lemma conformal_coeffs_pd:
  assumes U: "open U" and cc: "conformal_coeffs s U fF gG" and q: "q \<in> U"
  shows "pd_differentiable fF q" (is ?P1) and "pd_differentiable gG q" (is ?P2)
    and "pd_differentiable (pdir_scalar (D1_coeffs s) fF) q" (is ?P3)
    and "pd_differentiable (pdir_scalar (D2_coeffs s) gG) q" (is ?P4)
    and "pdir_scalar (D2_coeffs s) fF q = 0" (is ?P5) and "pdir_scalar (D1_coeffs s) gG q = 0" (is ?P6)
    and "pdir_scalar (D2_coeffs s) (pdir_scalar (D1_coeffs s) fF) q = 0" (is ?P7)
    and "pdir_scalar (D1_coeffs s) (pdir_scalar (D2_coeffs s) gG) q = 0" (is ?P8)
proof -
  have "?P1 \<and> ?P2 \<and> ?P3 \<and> ?P4 \<and> ?P5 \<and> ?P6 \<and> ?P7 \<and> ?P8"
  proof (cases s)
    case Minkowski
    then obtain f g :: "real \<Rightarrow> real" where f: "smooth1_on (fst ` U) f" and g: "smooth1_on (snd ` U) g"
      and fF: "\<And>p. p \<in> U \<Longrightarrow> fF p = of_real (f (fst p))"
      and gG: "\<And>p. p \<in> U \<Longrightarrow> gG p = of_real (g (snd p))"
      using cc unfolding conformal_coeffs_def by auto
    have F: "\<And>r. r \<in> U \<Longrightarrow> pdir_scalar (D1_coeffs Minkowski) fF r = of_real (deriv f (fst r))"
      and G: "\<And>r. r \<in> U \<Longrightarrow> pdir_scalar (D2_coeffs Minkowski) gG r = of_real (deriv g (snd r))"
      using pd_of_real_fst(2)[OF U f] pd_of_real_snd(3)[OF U g] fF gG by blast+
    show ?thesis
      using pd_of_real_fst[OF U f, of fF q] pd_of_real_snd[OF U g, of gG q] fF gG F G q Minkowski
        pd_of_real_fst[OF U smooth1_on_deriv[OF f], of "pdir_scalar (D1_coeffs Minkowski) fF" q]
        pd_of_real_snd[OF U smooth1_on_deriv[OF g], of "pdir_scalar (D2_coeffs Minkowski) gG" q]
      by blast
  next
    case Euclidean
    then obtain f where f: "f holomorphic_on {z. (Re z, Im z) \<in> U}"
      and fF: "\<And>p. p \<in> U \<Longrightarrow> fF p = f (Complex (fst p) (snd p))"
      and gG: "\<And>p. p \<in> U \<Longrightarrow> gG p = cnj (f (Complex (fst p) (snd p)))"
      using cc unfolding conformal_coeffs_def by auto
    have f': "deriv f holomorphic_on {z. (Re z, Im z) \<in> U}"
      by (rule holomorphic_deriv[OF f open_complex_of_plane[OF U]])
    have F: "\<And>r. r \<in> U \<Longrightarrow> pdir_scalar (D1_coeffs Euclidean) fF r = deriv f (Complex (fst r) (snd r))"
      and G: "\<And>r. r \<in> U \<Longrightarrow> pdir_scalar (D2_coeffs Euclidean) gG r = cnj (deriv f (Complex (fst r) (snd r)))"
      using pd_holomorphic(2)[OF U f] pd_antiholomorphic(3)[OF U f] fF gG by blast+
    show ?thesis
      using pd_holomorphic[OF U f, of fF q] pd_antiholomorphic[OF U f, of gG q] fF gG F G q Euclidean
        pd_holomorphic[OF U f', of "pdir_scalar (D1_coeffs Euclidean) fF" q]
        pd_antiholomorphic[OF U f', of "pdir_scalar (D2_coeffs Euclidean) gG" q]
      by blast
  qed
  then show ?P1 ?P2 ?P3 ?P4 ?P5 ?P6 ?P7 ?P8
    by blast+
qed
----
[PROBLEM STATEMENT]:
A count is needed of the lines in the entries that contain "have". Supply only that number.

[YOUR SOLUTION]:
4